Each year when the seasons change and temperatures go from sizzling-hot to mind-numbingly cold, millions of men, women and children around the United States take the opportunity to get outside and do some much-needed yard debris removal from around their lawn and back yard. For a lot of folks this type of work is actually a form of therapy, as it gives them a chance to put whatever is going on in their lives on the back burner while they work away. It’s also a great form of exercise.
But far too many people around the country end up injuring themselves when working in the yard. So strap on your work gloves, put on another layer of clothing, and read these tips to stay safe before you go outside to work.
Warm Up – This doesn’t just mean putting on a fall or winter jacket to block out the cold (although you should probably do this too), it actually means getting in a few stretches to loosen up a bit. This tip is especially pertinent for seniors or for those who are 65 and up. You may have to lift, bend, or pull, and doing so without warming up can cause strains and tears.
Watch Your Step – Yes, you probably know your yard like the back of your hand. But this doesn’t mean that you can’t trip over some of the debris that you’re trying to clean up, or forget about parts of your yard that may be uneven.

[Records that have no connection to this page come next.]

definition normalize_signs :: "nat \<Rightarrow> nat \<Rightarrow> (nat \<Rightarrow> bool) \<Rightarrow> (nat \<Rightarrow> int) \<Rightarrow> nat \<Rightarrow> bool" where
  "normalize_signs m N \<tau> k = (if tdot m \<tau> k div int N > nhi m then \<tau>(0 := \<not> \<tau> 0) else \<tau>)"

lemma normalize_signs_signs: "\<tau> \<in> signs m \<Longrightarrow> m \<ge> 1 \<Longrightarrow> normalize_signs m N \<tau> k \<in> signs m"
  unfolding normalize_signs_def signs_def by (auto simp: PiE_iff extensional_def)

lemma normalize_signs_inj:
  assumes "normalize_signs m N \<tau> k = normalize_signs m N \<tau>' k'"
    and "(nhi m < tdot m \<tau> k div int N) = (nhi m < tdot m \<tau>' k' div int N)"
  shows "\<tau> = \<tau>'"
proof
  fix t
  have "normalize_signs m N \<tau> k t = normalize_signs m N \<tau>' k' t" using assms(1) by simp
  then show "\<tau> t = \<tau>' t"
    using assms(2) unfolding normalize_signs_def by (cases "t = 0") (auto split: if_splits)
qed

lemma normalize_signs_tdot:
  assumes N: "N \<ge> 1" and m: "m \<ge> 1" and k: "k \<in> {..<m} \<rightarrow>\<^sub>E KN N" and c: "tdot m \<tau> k = c * int N"
  defines "c' \<equiv> tdot m (normalize_signs m N \<tau> k) k div int N"
  shows "tdot m (normalize_signs m N \<tau> k) k = c' * int N" "nlo m \<le> c'" "c' \<le> nhi m"
proof -
  have cd: "tdot m \<tau> k div int N = c" using c N by simp
  note range = tdot_quotient_range[OF N m k c]
  have "tdot m (normalize_signs m N \<tau> k) k = c' * int N \<and> nlo m \<le> c' \<and> c' \<le> nhi m"
  proof (cases "c > nhi m")
    case True
    then have t0: "\<tau> 0" "2 * k 0 = int N" using range(3) by auto
    have "tdot m (\<tau>(0 := False)) k = (c - 1) * int N"
      using tdot_flip_first[OF m, of \<tau> False k] t0 c by (simp add: sg_def algebra_simps)
    moreover have "nhi m \<ge> nlo m" unfolding nhi_eq nlo_eq using m by presburger
    ultimately show ?thesis
      unfolding c'_def normalize_signs_def cd using True t0 range N by simp
  next
    case False
    then show ?thesis unfolding c'_def normalize_signs_def cd using c range N by simp
  qed
  then show "tdot m (normalize_signs m N \<tau> k) k = c' * int N" "nlo m \<le> c'" "c' \<le> nhi m"
    by auto
qed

Don’t rush to get your work done, as this increases the chances of mistakes and injuries from happening.
Knees, Not Waist – If you have back problems, you probably know not to bend or lift from the waist. Rather, try to use your knees to help you out. This can help prevent back strains and other serious injuries involving your spine. This may sound obnoxious to some, but you won’t think so when you’re in a chiropractor’s office waiting to be adjusted.
Taking a few precautionary measures like the ones illustrated above can go a long way in securing your health. When you go outside this fall or winter to rake or to clean up, remember to sprinkle a little bit of fun into the mix as well! Take the kids outside with you and have them do chores that aren’t too strenuous, like picking up sticks or making small piles of leaves.